**Work instruction**. In the entries below, find the line with "Markov for the" and the line with "G \<omega> \<partial>P) \<le>". Return those two lines and all lines between them, exactly.

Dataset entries
-------------------------

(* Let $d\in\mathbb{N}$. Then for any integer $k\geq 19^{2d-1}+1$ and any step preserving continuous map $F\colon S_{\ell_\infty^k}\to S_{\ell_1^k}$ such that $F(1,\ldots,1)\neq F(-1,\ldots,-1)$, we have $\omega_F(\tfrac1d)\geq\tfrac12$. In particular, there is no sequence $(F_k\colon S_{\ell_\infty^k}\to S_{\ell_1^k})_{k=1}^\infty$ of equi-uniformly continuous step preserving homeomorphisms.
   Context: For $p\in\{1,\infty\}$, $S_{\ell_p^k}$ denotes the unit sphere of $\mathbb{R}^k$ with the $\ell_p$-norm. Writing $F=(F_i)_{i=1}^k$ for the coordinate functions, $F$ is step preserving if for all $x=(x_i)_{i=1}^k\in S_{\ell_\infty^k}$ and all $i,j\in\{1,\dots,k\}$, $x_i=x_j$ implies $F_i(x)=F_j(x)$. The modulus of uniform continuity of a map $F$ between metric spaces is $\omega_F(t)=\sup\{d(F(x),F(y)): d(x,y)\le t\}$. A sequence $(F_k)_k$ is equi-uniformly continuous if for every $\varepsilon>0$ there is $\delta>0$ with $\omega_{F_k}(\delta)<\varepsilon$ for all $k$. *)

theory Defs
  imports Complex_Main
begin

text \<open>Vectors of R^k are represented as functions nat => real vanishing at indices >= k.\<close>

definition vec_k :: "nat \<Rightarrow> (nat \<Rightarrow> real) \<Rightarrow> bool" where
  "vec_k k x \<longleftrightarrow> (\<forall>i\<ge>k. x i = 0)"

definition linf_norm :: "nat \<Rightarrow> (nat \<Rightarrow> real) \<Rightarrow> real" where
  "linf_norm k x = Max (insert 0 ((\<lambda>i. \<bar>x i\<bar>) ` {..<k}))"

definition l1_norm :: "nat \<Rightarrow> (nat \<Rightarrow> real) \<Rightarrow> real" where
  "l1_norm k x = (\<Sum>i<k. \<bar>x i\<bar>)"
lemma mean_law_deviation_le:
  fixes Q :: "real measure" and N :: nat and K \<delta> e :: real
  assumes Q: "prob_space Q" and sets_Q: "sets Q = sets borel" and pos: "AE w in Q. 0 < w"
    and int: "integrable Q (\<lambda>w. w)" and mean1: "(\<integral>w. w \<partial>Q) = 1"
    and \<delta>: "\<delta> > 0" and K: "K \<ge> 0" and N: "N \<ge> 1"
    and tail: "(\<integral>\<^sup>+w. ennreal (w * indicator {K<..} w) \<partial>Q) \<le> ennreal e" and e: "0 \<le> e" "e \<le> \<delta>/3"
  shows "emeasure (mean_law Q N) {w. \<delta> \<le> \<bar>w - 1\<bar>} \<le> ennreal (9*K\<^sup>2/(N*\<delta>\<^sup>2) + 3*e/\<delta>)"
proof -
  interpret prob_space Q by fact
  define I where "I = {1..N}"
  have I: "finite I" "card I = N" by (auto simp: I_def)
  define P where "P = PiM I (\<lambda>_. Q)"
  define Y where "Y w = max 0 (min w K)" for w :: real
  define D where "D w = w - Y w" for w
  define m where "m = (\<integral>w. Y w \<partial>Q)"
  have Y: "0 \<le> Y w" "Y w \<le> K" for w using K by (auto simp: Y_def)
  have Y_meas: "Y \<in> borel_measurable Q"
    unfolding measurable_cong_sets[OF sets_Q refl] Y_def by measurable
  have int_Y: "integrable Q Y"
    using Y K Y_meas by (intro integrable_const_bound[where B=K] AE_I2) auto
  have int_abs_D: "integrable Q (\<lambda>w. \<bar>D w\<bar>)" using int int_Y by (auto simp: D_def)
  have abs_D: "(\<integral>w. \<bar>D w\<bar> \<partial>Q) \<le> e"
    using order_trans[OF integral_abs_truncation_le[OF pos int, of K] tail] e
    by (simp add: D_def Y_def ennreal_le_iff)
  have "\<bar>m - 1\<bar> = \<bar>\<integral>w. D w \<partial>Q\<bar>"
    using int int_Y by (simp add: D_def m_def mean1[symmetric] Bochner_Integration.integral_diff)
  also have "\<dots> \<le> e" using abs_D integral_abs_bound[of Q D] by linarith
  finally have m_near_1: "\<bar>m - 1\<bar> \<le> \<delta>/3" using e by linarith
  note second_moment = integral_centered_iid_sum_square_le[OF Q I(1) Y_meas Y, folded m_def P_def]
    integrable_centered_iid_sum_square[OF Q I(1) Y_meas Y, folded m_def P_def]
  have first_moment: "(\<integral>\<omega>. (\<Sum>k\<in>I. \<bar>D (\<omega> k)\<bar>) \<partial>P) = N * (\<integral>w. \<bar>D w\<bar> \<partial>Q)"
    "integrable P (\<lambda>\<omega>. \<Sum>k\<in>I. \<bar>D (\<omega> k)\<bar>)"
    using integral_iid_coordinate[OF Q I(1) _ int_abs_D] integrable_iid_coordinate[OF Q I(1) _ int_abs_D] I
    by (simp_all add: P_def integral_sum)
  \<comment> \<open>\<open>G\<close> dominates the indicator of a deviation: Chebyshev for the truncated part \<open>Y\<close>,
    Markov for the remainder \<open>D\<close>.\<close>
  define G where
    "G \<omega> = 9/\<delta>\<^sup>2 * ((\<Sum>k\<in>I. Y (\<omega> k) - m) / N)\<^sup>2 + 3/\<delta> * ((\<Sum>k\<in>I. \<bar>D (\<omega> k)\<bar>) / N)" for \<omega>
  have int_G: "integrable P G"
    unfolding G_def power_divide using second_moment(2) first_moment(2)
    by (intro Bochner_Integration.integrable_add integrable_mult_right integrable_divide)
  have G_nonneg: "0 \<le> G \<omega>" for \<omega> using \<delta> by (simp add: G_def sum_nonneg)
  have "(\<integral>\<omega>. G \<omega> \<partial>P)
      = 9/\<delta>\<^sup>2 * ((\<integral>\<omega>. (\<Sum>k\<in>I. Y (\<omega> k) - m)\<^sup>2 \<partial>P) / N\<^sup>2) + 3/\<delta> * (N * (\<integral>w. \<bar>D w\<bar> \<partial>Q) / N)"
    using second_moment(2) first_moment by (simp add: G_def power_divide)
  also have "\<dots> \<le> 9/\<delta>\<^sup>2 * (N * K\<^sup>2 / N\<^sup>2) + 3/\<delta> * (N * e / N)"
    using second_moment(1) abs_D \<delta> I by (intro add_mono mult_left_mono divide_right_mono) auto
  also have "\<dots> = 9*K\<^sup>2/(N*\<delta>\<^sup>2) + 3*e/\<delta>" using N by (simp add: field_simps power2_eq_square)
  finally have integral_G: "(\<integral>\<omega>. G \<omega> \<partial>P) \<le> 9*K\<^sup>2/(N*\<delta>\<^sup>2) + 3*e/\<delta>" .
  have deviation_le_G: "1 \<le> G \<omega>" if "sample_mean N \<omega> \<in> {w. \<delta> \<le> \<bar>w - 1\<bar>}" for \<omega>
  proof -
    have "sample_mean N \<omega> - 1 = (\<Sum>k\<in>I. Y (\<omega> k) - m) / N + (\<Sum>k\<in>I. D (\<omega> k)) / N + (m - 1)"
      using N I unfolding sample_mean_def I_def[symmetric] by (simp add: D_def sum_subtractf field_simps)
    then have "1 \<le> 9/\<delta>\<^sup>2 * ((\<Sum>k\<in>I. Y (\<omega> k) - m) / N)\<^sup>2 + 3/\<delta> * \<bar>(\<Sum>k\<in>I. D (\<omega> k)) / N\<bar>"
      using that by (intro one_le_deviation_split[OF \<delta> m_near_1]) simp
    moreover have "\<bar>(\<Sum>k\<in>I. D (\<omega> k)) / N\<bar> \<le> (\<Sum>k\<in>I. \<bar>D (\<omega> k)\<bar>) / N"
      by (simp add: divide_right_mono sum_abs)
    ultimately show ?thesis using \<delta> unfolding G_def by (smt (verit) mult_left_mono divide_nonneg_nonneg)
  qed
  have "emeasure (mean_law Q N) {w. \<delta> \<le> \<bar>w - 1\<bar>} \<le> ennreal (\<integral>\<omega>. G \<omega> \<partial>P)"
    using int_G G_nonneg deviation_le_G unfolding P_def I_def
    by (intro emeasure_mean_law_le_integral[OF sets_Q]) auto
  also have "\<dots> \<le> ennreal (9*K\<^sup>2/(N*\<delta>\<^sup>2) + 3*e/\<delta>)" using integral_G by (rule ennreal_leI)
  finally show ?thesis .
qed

-------------------------

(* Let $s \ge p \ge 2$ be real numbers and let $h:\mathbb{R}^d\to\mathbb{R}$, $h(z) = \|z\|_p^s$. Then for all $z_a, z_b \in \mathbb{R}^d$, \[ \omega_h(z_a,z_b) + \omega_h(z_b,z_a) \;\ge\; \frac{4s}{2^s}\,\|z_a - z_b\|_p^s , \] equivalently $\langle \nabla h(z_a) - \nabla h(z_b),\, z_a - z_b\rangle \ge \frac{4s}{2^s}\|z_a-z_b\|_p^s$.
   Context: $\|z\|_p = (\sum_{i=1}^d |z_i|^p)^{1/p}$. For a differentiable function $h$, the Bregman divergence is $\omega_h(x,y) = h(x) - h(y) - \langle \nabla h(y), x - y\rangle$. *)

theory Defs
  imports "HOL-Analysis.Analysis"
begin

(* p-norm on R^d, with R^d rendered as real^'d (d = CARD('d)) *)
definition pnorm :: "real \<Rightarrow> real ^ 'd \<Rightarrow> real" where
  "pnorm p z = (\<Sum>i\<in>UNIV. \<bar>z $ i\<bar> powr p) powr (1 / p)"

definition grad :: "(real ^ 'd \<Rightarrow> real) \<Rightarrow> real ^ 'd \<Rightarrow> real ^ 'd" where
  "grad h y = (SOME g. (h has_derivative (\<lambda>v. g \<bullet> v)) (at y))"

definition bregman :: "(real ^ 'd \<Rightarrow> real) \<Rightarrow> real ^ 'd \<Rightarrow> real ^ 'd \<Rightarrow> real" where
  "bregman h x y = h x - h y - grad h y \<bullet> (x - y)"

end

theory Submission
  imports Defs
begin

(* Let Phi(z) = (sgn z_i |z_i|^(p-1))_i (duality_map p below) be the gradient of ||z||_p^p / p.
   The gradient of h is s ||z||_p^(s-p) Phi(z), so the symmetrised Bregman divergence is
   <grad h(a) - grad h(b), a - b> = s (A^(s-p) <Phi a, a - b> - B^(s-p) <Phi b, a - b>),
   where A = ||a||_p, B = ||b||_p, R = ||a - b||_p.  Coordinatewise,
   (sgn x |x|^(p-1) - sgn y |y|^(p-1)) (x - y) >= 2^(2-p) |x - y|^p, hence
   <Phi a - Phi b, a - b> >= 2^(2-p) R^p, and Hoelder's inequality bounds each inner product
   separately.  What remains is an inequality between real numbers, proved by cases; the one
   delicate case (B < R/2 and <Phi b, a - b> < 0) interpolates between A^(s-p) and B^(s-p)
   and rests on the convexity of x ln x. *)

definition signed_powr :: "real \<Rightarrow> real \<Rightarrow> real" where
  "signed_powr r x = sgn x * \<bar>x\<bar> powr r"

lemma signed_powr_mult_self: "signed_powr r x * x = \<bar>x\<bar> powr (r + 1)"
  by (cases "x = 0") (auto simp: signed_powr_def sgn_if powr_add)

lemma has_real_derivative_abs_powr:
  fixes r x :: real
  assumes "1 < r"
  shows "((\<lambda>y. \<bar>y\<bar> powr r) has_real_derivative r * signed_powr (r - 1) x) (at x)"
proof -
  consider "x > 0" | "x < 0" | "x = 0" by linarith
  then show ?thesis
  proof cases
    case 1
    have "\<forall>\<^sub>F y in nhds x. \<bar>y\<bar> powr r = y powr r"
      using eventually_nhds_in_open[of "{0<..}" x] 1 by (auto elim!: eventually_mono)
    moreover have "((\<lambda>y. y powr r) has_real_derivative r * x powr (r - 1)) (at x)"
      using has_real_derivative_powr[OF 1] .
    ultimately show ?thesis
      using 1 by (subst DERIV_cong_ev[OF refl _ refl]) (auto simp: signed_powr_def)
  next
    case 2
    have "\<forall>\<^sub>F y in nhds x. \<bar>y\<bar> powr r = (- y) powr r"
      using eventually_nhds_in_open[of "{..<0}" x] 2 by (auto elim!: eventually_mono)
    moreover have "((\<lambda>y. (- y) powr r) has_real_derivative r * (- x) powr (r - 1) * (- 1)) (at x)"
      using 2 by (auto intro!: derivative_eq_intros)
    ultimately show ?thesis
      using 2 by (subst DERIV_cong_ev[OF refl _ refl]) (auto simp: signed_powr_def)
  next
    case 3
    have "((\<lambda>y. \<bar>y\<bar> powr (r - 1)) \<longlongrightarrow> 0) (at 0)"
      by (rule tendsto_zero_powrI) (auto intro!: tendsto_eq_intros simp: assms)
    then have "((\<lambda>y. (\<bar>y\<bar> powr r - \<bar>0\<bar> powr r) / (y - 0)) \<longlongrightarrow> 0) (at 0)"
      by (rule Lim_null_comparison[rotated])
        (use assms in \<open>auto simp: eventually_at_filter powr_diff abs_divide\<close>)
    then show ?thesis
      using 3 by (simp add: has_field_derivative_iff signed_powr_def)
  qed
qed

-------------------------

**Written response**.
    Markov for the remainder \<open>D\<close>.\<close>
  define G where
    "G \<omega> = 9/\<delta>\<^sup>2 * ((\<Sum>k\<in>I. Y (\<omega> k) - m) / N)\<^sup>2 + 3/\<delta> * ((\<Sum>k\<in>I. \<bar>D (\<omega> k)\<bar>) / N)" for \<omega>
  have int_G: "integrable P G"
    unfolding G_def power_divide using second_moment(2) first_moment(2)
    by (intro Bochner_Integration.integrable_add integrable_mult_right integrable_divide)
  have G_nonneg: "0 \<le> G \<omega>" for \<omega> using \<delta> by (simp add: G_def sum_nonneg)
  have "(\<integral>\<omega>. G \<omega> \<partial>P)
      = 9/\<delta>\<^sup>2 * ((\<integral>\<omega>. (\<Sum>k\<in>I. Y (\<omega> k) - m)\<^sup>2 \<partial>P) / N\<^sup>2) + 3/\<delta> * (N * (\<integral>w. \<bar>D w\<bar> \<partial>Q) / N)"
    using second_moment(2) first_moment by (simp add: G_def power_divide)
  also have "\<dots> \<le> 9/\<delta>\<^sup>2 * (N * K\<^sup>2 / N\<^sup>2) + 3/\<delta> * (N * e / N)"
    using second_moment(1) abs_D \<delta> I by (intro add_mono mult_left_mono divide_right_mono) auto
  also have "\<dots> = 9*K\<^sup>2/(N*\<delta>\<^sup>2) + 3*e/\<delta>" using N by (simp add: field_simps power2_eq_square)
  finally have integral_G: "(\<integral>\<omega>. G \<omega> \<partial>P) \<le> 9*K\<^sup>2/(N*\<delta>\<^sup>2) + 3*e/\<delta>" .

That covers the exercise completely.